Опубликовано в журнале Урал, номер 4, 2015
Петр Чейгин — поэт, автор 5 книг стихотворений. Лауреат премии «Русский Гулливер»
(2014) «за вклад в развитие современного поэтического языка».
***
Дурманствовал,
закатывал стихи
щекой прибоя.
Страх мой шёл на осень,
на бесприданницу торгового сукна.
Тугая шуба ей пришла к лицу,
прилавком выла, нарастая чайкой…
Во мне такое сладкое бездомье,
что шёпот розы Солнце не заметил
и, замерзая, посадил кору
усопшей ели к входу пекинеса
для чаши муравьёв на поводке.
***
Я обнимал эти книги.
Я рифмовал эти руки.
Дабы распались круги
вечной ковриги.
Золота плещется конь —
смелого света грань.
Зимник копейкой рань,
Предком его тронь.
Посох платы пас,
не навещал зорь.
Выкидыш на Донбасс —
морем его ускорь.
***
Тенькает растёртое железо
и к стеклу стыдится обратиться,
на меня гордится оглянуться,
наклониться, с голоду скатиться,
на коня грудного замахнуться.
Конь в моих губах настиг горбушку,
поспевает на ручье поставить свечку.
Лыка просит свадьба человечья,
сушит косы налитой несушке.
***
Ужель искомая жара
ворчит на талии пера
и выползень на корке тужит?
На корке неба гробовой,
где усмотрел барчук с совой
неБожий лик, зажавший уши.
***
Ровно и вязко
течёт беспробудица
с кляпом икорным
в пепле игорном
Пришлая палица
сношенной пятницы
Ровно и вязко
плывёт соколиная паства
Среди этих волн
твоя столица
Девятый горн
омоет спицы
лица твоего
конвой его
Юркие яства
Гробик казённого янства
Зрак корректурного ханства
На твой укус вернётся поцелуй
И твой укус свернётся поцелуем
***
Мерклое небо окраинной радости,
Сколы портняжной зимы.
Накостыляли на митинге хладости
Курсы пастушки совы.
И, вразумлённый свечным тихомолом,
Сущий звенит каземат…
Кровник встревожился праздником голым,
Финским ребром Ленинград.
И закивали и, облик вбирая,
Вырвали вереск из век.
Боль, равноокая крестнику края,
Встала с пелёнок и вен.
Братской кольчугой искрит перешеек,
Щучий вплавляя подбой,
Переведённый ордой грамотеек
Стропами утра в разбой.
Ободом денег топорщится утро,
Клювом расколот карман.
Красной короне патруль перламутра
Свой предъявляет капкан.
Законопатит потугой морпеха,
Соль напуская в сапог.
Груб человек на закладке успеха.
С тщетной баклагою бок.
***
Василий, слышишь, это — осень,
и нам обрядно умирать.
Закат межрёберных колосьев
уже сложил свою печать,
но не поставил на предплечье…
Свободу гному тупика
подарит свадьба человечья,
блеснёт наложницей рука,
расписанная нашей кровью,
её капелью дорогой.
***
Усладам, элегиям, дну подневольного сада.

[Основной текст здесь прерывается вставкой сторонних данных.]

section \<open>Integrals over the torus\<close>

lemma integral_lborel_prod:
  fixes f :: "'a::euclidean_space \<Rightarrow> real \<Rightarrow> complex"
  assumes int: "\<And>b. b \<in> Basis \<Longrightarrow> integrable lborel (f b)"
  shows "(\<integral>x. (\<Prod>b\<in>Basis. f b (x \<bullet> b)) \<partial>(lborel::'a measure)) = (\<Prod>b\<in>Basis. \<integral>x. f b x \<partial>lborel)"
proof -
  interpret product_sigma_finite "\<lambda>_::'a. (lborel::real measure)"
    by standard
  have meas: "(\<lambda>x. \<Prod>b\<in>Basis. f b (x \<bullet> b)) \<in> borel_measurable (borel::'a measure)"
    using int by (intro borel_measurable_prod) (auto dest: borel_measurable_integrable
        intro: measurable_compose[OF borel_measurable_inner[OF measurable_ident_sets measurable_const]])
  have "(\<integral>x. (\<Prod>b\<in>Basis. f b (x \<bullet> b)) \<partial>(lborel::'a measure))
     = (\<integral>y. (\<Prod>b\<in>Basis. f b ((\<Sum>b'\<in>Basis. y b' *\<^sub>R b') \<bullet> b)) \<partial>(\<Pi>\<^sub>M b\<in>Basis. lborel))"
    using meas by (subst lborel_eq) (simp add: integral_distr)
  also have "\<dots> = (\<integral>y. (\<Prod>b\<in>Basis. f b (y b)) \<partial>(\<Pi>\<^sub>M b\<in>Basis. lborel))"
    by (intro Bochner_Integration.integral_cong refl prod.cong)
       (simp_all add: inner_sum_left inner_Basis if_distrib sum.delta cong: if_cong)
  also have "\<dots> = (\<Prod>b\<in>Basis. \<integral>x. f b x \<partial>lborel)"
    by (rule product_integral_prod) (auto intro: int)
  finally show ?thesis .
qed

lemma prod_Basis_vec:
  "(\<Prod>b\<in>(Basis :: (real^'d::finite) set). F b) = (\<Prod>i\<in>UNIV. F (axis i 1))"
proof -
  have Basis: "(Basis :: (real^'d) set) = range (\<lambda>i. axis i 1)"
    by (auto simp: Basis_vec_def)
  have "inj (\<lambda>i::'d. axis i (1::real))"
    by (auto simp: inj_def axis_eq_axis)
  then show ?thesis
    unfolding Basis by (subst prod.reindex) simp_all
qed

lemma integral_lborel_vec_prod:
  fixes f :: "'d::finite \<Rightarrow> real \<Rightarrow> complex"
  assumes "\<And>i. integrable lborel (f i)"
  shows "(\<integral>x. (\<Prod>i\<in>UNIV. f i (x $ i)) \<partial>(lborel::(real^'d) measure)) = (\<Prod>i\<in>UNIV. \<integral>t. f i t \<partial>lborel)"
proof -
  define idx where "idx = inv (\<lambda>i::'d. axis i (1::real))"
  have idx: "idx (axis i 1) = i" for i
    unfolding idx_def by (rule inv_f_f) (auto simp: inj_def axis_eq_axis)
  have "(\<integral>x. (\<Prod>b\<in>Basis. f (idx b) (x \<bullet> b)) \<partial>(lborel::(real^'d) measure))
      = (\<Prod>b\<in>Basis. \<integral>t. f (idx b) t \<partial>lborel)"
    by (rule integral_lborel_prod) (use assms in auto)
  then show ?thesis
    by (simp add: prod_Basis_vec cart_eq_inner_axis idx)
qed

lemma nn_integral_lborel_vec_prod:
  fixes f :: "'d::finite \<Rightarrow> real \<Rightarrow> ennreal"
  assumes "\<And>i. f i \<in> borel_measurable borel"
  shows "(\<integral>\<^sup>+x. (\<Prod>i\<in>UNIV. f i (x $ i)) \<partial>(lborel::(real^'d) measure)) = (\<Prod>i\<in>UNIV. \<integral>\<^sup>+t. f i t \<partial>lborel)"
proof -
  define idx where "idx = inv (\<lambda>i::'d. axis i (1::real))"
  have idx: "idx (axis i 1) = i" for i
    unfolding idx_def by (rule inv_f_f) (auto simp: inj_def axis_eq_axis)
  have "(\<integral>\<^sup>+x. (\<Prod>b\<in>Basis. f (idx b) (x \<bullet> b)) \<partial>(lborel::(real^'d) measure))
      = (\<Prod>b\<in>Basis. \<integral>\<^sup>+t. f (idx b) t \<partial>lborel)"
    by (rule nn_integral_lborel_prod) (use assms in auto)
  then show ?thesis
    by (simp add: prod_Basis_vec cart_eq_inner_axis idx)
qed

lemma indicator_torus:
  "indicator torus x = (\<Prod>i\<in>UNIV. indicator {0..<2*pi} (x $ i) :: 'a::comm_semiring_1)"
  for x :: "real^'d::finite"
proof (cases "x \<in> torus")
  case False
  then obtain i where "x $ i \<notin> {0..<2*pi}"
    by (auto simp: torus_def)
  then have "(\<Prod>i\<in>UNIV. indicator {0..<2*pi} (x $ i) :: 'a) = 0"
    by (intro prod_zero bexI[of _ i]) auto
  then show ?thesis
    using False by simp
qed (simp add: torus_def)

lemma sets_torus [measurable]: "torus \<in> sets (borel :: (real^'d::finite) measure)"
proof -
  have "torus = (\<Inter>i. {x::real^'d. 0 \<le> x $ i} \<inter> {x. x $ i < 2*pi})"
    by (auto simp: torus_def)
  also have "\<dots> \<in> sets borel"
    by measurable
  finally show ?thesis .
qed

lemma integrable_indicator_torus_mult:
  fixes f :: "real^'d::finite \<Rightarrow> complex"
  assumes "continuous_on UNIV f"
  shows "integrable lborel (\<lambda>x. indicator torus x * f x)"
proof -
  have "set_integrable lborel (cbox 0 (\<chi> i. 2*pi)) f"
    unfolding set_integrable_def
    by (rule borel_integrable_compact) (auto intro: continuous_on_subset[OF assms])
  moreover have "torus \<in> sets lborel"
    by measurable
  moreover have "torus \<subseteq> cbox (0::real^'d) (\<chi> i. 2*pi)"
    by (auto simp: torus_def mem_box_cart less_imp_le)
  ultimately have "set_integrable lborel torus f"
    by (rule set_integrable_subset)
  moreover have "(\<lambda>x. indicator torus x *\<^sub>R f x) = (\<lambda>x. indicator torus x * f x)"
    by (auto simp: fun_eq_iff indicator_def)
  ultimately show ?thesis
    unfolding set_integrable_def by simp
qed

Что разумеете в штопке фабричной?
Трон проповедует вытяжку дали.
Страхом завитый песок сублимирует мартом.
Юрта внушала выменем племени.
Снегом накормлена карта.
Это всё — туточки, падает в саночки
дедом объёмного тома, заплатою дома.
Рёв пастуха над оврагом, где корчатся кони…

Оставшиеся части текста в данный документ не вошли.